Surely Solanas wasn’t totally serious. Nobody could write “forceful, dynamic pants” and actually mean it.

Or could they? This is the most fascinating thing about the SCUM Manifesto: it’s as forceful as an anvil to the face…and nobody’s sure what it means.  To anti-feminists, it’s a stick to beat feminists with. To feminists, it’s variously a reactionary horror from the 60s; a brilliant satire like A Modest Proposal; or a work to be approached with sympathy and compassion, containing the howl of a woman pushed to the edge and then far, far, over it.

It’s a radical document. It’s a foundational text of Second-Wave Feminism. Some want to burn it, others want to teach it. Few works mean so many things to so many people.
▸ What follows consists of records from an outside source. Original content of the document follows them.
lemma borel_measurable_gradient_compose:
  fixes F :: "'v::euclidean_space \<Rightarrow> 's \<Rightarrow> real" and gF :: "'v \<Rightarrow> 's \<Rightarrow> 'v"
    and N :: "'a measure" and P :: "'s measure"
  assumes D: "open D"
    and cont: "\<forall>s\<in>space P. continuous_on D (\<lambda>y. F y s)"
    and meas: "\<forall>y\<in>D. F y \<in> borel_measurable P"
    and grad: "\<forall>s\<in>space P. \<forall>y\<in>D. ((\<lambda>z. F z s) has_derivative (\<lambda>h. gF y s \<bullet> h)) (at y)"
    and y[measurable]: "y \<in> borel_measurable N" and s[measurable]: "s \<in> measurable N P"
    and yD: "\<forall>\<omega>\<in>space N. y \<omega> \<in> D"
  shows "(\<lambda>\<omega>. gF (y \<omega>) (s \<omega>)) \<in> borel_measurable N"
proof (rule borel_measurable_euclidean_space[THEN iffD2], intro ballI)
  fix b :: 'v assume b: "b \<in> Basis"
  define Fh where "Fh v \<omega> = (if v \<in> D then F v (s \<omega>) else 0)" for v \<omega>
  define q where "q n \<omega> = real (Suc n) * (Fh (y \<omega> + inverse (real (Suc n)) *\<^sub>R b) \<omega> - Fh (y \<omega>) \<omega>)" for n \<omega>
  show "(\<lambda>\<omega>. gF (y \<omega>) (s \<omega>) \<bullet> b) \<in> borel_measurable N"
  proof (rule borel_measurable_LIMSEQ_real)
    show "q n \<in> borel_measurable N" for n
      unfolding q_def[abs_def] Fh_def
      by (intro borel_measurable_times borel_measurable_diff borel_measurable_const
          borel_measurable_caratheodory[OF D cont meas _ s]) measurable
  next
    fix \<omega> assume \<omega>: "\<omega> \<in> space N"
    have yD': "y \<omega> \<in> D" using yD \<omega> by blast
    have "(\<lambda>n. y \<omega> + inverse (real (Suc n)) *\<^sub>R b) \<longlonglongrightarrow> y \<omega> + 0 *\<^sub>R b"
      by (intro tendsto_intros LIMSEQ_inverse_real_of_nat)
    then have "eventually (\<lambda>n. y \<omega> + inverse (real (Suc n)) *\<^sub>R b \<in> D) sequentially"
      using topological_tendstoD[OF _ D] yD' by simp
    then have "eventually (\<lambda>n. real (Suc n) * (F (y \<omega> + inverse (real (Suc n)) *\<^sub>R b) (s \<omega>) - F (y \<omega>) (s \<omega>))
        = q n \<omega>) sequentially"
      by eventually_elim (use yD' in \<open>simp add: q_def Fh_def\<close>)
    moreover have "(\<lambda>n. real (Suc n) * (F (y \<omega> + inverse (real (Suc n)) *\<^sub>R b) (s \<omega>) - F (y \<omega>) (s \<omega>)))
        \<longlonglongrightarrow> gF (y \<omega>) (s \<omega>) \<bullet> b"
      using grad measurable_space[OF s \<omega>] yD' by (intro difference_quotient_tendsto) blast
    ultimately show "(\<lambda>n. q n \<omega>) \<longlonglongrightarrow> gF (y \<omega>) (s \<omega>) \<bullet> b"
      by (rule Lim_transform_eventually[rotated])
  qed
qed

section \<open>The history filtration and conditional moments\<close>

lemma history_gen_pow:
  "{x0 -` A \<inter> space M | A. A \<in> sets borel} \<union> {xi i -` B \<inter> space M | i B. i < k \<and> B \<in> sets S} \<subseteq> Pow (space M)"
  by auto

lemma history_space: "space (history M x0 S xi k) = space M"
  unfolding history_def by (rule space_measure_of[OF history_gen_pow])

lemma history_sets: "sets (history M x0 S xi k) =
   sigma_sets (space M) ({x0 -` A \<inter> space M | A. A \<in> sets borel} \<union> {xi i -` B \<inter> space M | i B. i < k \<and> B \<in> sets S})"
  unfolding history_def by (rule sets_measure_of[OF history_gen_pow])

lemma subalgebra_history:
  assumes "x0 \<in> borel_measurable M" "\<forall>i. xi i \<in> measurable M S"
  shows "subalgebra M (history M x0 S xi k)"
  unfolding subalgebra_def history_space history_sets
proof (intro conjI refl sets.sigma_sets_subset)
  show "{x0 -` A \<inter> space M | A. A \<in> sets borel} \<union> {xi i -` B \<inter> space M | i B. i < k \<and> B \<in> sets S} \<subseteq> sets M"
    using assms by (auto intro: measurable_sets)
qed

lemma history_mono: "sets (history M x0 S xi k) \<subseteq> sets (history M x0 S xi (Suc k))"
  unfolding history_sets by (intro sigma_sets_mono') (blast dest: less_SucI)

lemma measurable_history_initial: "x0 \<in> borel_measurable (history M x0 S xi k)"
proof (rule measurableI)
  fix A :: "'b set" assume "A \<in> sets borel"
  then show "x0 -` A \<inter> space (history M x0 S xi k) \<in> sets (history M x0 S xi k)"
    unfolding history_sets history_space by (intro sigma_sets.Basic) blast
qed auto

lemma measurable_history_sample:
  assumes "xi i \<in> measurable M S" "i < k"
  shows "xi i \<in> measurable (history M x0 S xi k) S"
proof (rule measurableI)
  fix x assume "x \<in> space (history M x0 S xi k)"
  then show "xi i x \<in> space S" using assms measurable_space by (metis history_space)
next
  fix B assume "B \<in> sets S"
  then show "xi i -` B \<inter> space (history M x0 S xi k) \<in> sets (history M x0 S xi k)"
    unfolding history_sets history_space using assms by (intro sigma_sets.Basic) blast
qed

lemma prob_space_subalgebra_sigma_finite:
  assumes "prob_space M" "subalgebra M F"
  shows "sigma_finite_subalgebra M F"
proof -
  have "finite_measure_subalgebra M F"
    unfolding finite_measure_subalgebra_def finite_measure_subalgebra_axioms_def
    using assms prob_space.finite_measure by blast
  then show ?thesis by (rule finite_measure_subalgebra_is_sigma_finite)
qed

lemma integral_mult_cond_exp_0:
  fixes g v :: "'a \<Rightarrow> real"
  assumes M: "prob_space M" and sub: "subalgebra M Fk"
    and g: "g \<in> borel_measurable Fk" and v: "v \<in> borel_measurable M"
    and int: "integrable M (\<lambda>\<omega>. g \<omega> * v \<omega>)"
    and mean: "AE \<omega> in M. real_cond_exp M Fk v \<omega> = 0"
  shows "(\<integral>\<omega>. g \<omega> * v \<omega> \<partial>M) = 0"
proof -
  interpret sigma_finite_subalgebra M Fk by (rule prob_space_subalgebra_sigma_finite[OF M sub])
  have [measurable]: "g \<in> borel_measurable M" by (rule measurable_from_subalg[OF sub g])
  have "(\<integral>\<omega>. g \<omega> * v \<omega> \<partial>M) = (\<integral>\<omega>. g \<omega> * real_cond_exp M Fk v \<omega> \<partial>M)"
    by (rule real_cond_exp_intg(2)[OF int g v, symmetric])
  also have "\<dots> = (\<integral>\<omega>. 0 \<partial>M)"
    by (rule integral_cong_AE) (use mean in auto)
  finally show ?thesis by simp
qed

lemma set_integral_inner_eq_0:
  fixes u w :: "'a \<Rightarrow> 'v::euclidean_space"
  assumes M: "prob_space M" and sub: "subalgebra M Fk"
    and u: "u \<in> borel_measurable Fk" and w[measurable]: "w \<in> borel_measurable M"
    and u_sq: "integrable M (\<lambda>\<omega>. (norm (u \<omega>))\<^sup>2)" and w_sq: "integrable M (\<lambda>\<omega>. (norm (w \<omega>))\<^sup>2)"
    and mean: "\<forall>b\<in>Basis. AE \<omega> in M. real_cond_exp M Fk (\<lambda>\<omega>. w \<omega> \<bullet> b) \<omega> = 0"
    and B: "B \<in> sets Fk"
  shows "set_integrable M B (\<lambda>\<omega>. u \<omega> \<bullet> w \<omega>)" and "(LINT \<omega>:B|M. u \<omega> \<bullet> w \<omega>) = 0"
proof -
  have u_M: "u \<in> borel_measurable M" by (rule measurable_from_subalg[OF sub u])
  have B_M: "B \<in> sets M" using B sub unfolding subalgebra_def by auto
  have int: "integrable M (\<lambda>\<omega>. (indicator B \<omega> * (u \<omega> \<bullet> b)) * (w \<omega> \<bullet> b))" if b: "b \<in> Basis" for b
  proof (rule Bochner_Integration.integrable_bound)
    show "integrable M (\<lambda>\<omega>. (norm (u \<omega>))\<^sup>2 + (norm (w \<omega>))\<^sup>2)" using u_sq w_sq by simp
    show "AE \<omega> in M. norm (indicator B \<omega> * (u \<omega> \<bullet> b) * (w \<omega> \<bullet> b)) \<le> norm ((norm (u \<omega>))\<^sup>2 + (norm (w \<omega>))\<^sup>2)"
    proof (rule AE_I2)
      fix \<omega>
      have "\<bar>indicator B \<omega> * (u \<omega> \<bullet> b) * (w \<omega> \<bullet> b)\<bar> \<le> norm (u \<omega>) * norm (w \<omega>)"
        unfolding abs_mult using Basis_le_norm[OF b]
        by (intro mult_mono) (auto split: split_indicator)
      also have "\<dots> \<le> (norm (u \<omega>))\<^sup>2 + (norm (w \<omega>))\<^sup>2"
        using sum_squares_bound[of "norm (u \<omega>)" "norm (w \<omega>)"]
          mult_nonneg_nonneg[OF norm_ge_zero norm_ge_zero, of "u \<omega>" "w \<omega>"]
        by linarith
      finally show "norm (indicator B \<omega> * (u \<omega> \<bullet> b) * (w \<omega> \<bullet> b)) \<le> norm ((norm (u \<omega>))\<^sup>2 + (norm (w \<omega>))\<^sup>2)"
        by simp
    qed
    show "(\<lambda>\<omega>. indicator B \<omega> * (u \<omega> \<bullet> b) * (w \<omega> \<bullet> b)) \<in> borel_measurable M"
      by (intro borel_measurable_times borel_measurable_inner borel_measurable_const borel_measurable_indicator)
         (simp_all add: B_M u_M)
  qed
  have inner_eq: "(\<lambda>\<omega>. indicator B \<omega> *\<^sub>R (u \<omega> \<bullet> w \<omega>)) = (\<lambda>\<omega>. \<Sum>b\<in>Basis. (indicator B \<omega> * (u \<omega> \<bullet> b)) * (w \<omega> \<bullet> b))"
  proof (rule ext)
    fix \<omega>
    have "u \<omega> \<bullet> w \<omega> = (\<Sum>b\<in>Basis. (u \<omega> \<bullet> b) * (w \<omega> \<bullet> b))" by (rule euclidean_inner)
    then show "indicator B \<omega> *\<^sub>R (u \<omega> \<bullet> w \<omega>) = (\<Sum>b\<in>Basis. (indicator B \<omega> * (u \<omega> \<bullet> b)) * (w \<omega> \<bullet> b))"
      by (simp add: sum_distrib_left mult.assoc)
  qed
  show "set_integrable M B (\<lambda>\<omega>. u \<omega> \<bullet> w \<omega>)"
    unfolding set_integrable_def inner_eq using int by auto
  have "(\<integral>\<omega>. (indicator B \<omega> * (u \<omega> \<bullet> b)) * (w \<omega> \<bullet> b) \<partial>M) = 0" if "b \<in> Basis" for b
  proof (rule integral_mult_cond_exp_0[OF M sub _ _ int[OF that]])
    have [measurable]: "u \<in> borel_measurable Fk" "B \<in> sets Fk" by (fact u, fact B)
    show "(\<lambda>\<omega>. indicator B \<omega> * (u \<omega> \<bullet> b)) \<in> borel_measurable Fk" by measurable
  qed (use mean that in auto)
  then show "(LINT \<omega>:B|M. u \<omega> \<bullet> w \<omega>) = 0"
    unfolding set_lebesgue_integral_def inner_eq using int by (simp add: Bochner_Integration.integral_sum)
qed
Solanas’s legacy is one of failure and unfulfilled dreams. SCUM Manifesto will soon be fifty years old: its promised utopia has yet to arrive: men still exist, the fates of the groovy and the creepy remain intertwined, etc. Solanas’s faith could move mountains, but the mountains all moved back. SCUM Manifesto might never have achieved notoriety at all if had hadn’t come wrapped around a metaphoric and literal bullet. It’s a final irony that her name will go down in history so indelibly linked to that of a male that she might as well have married him.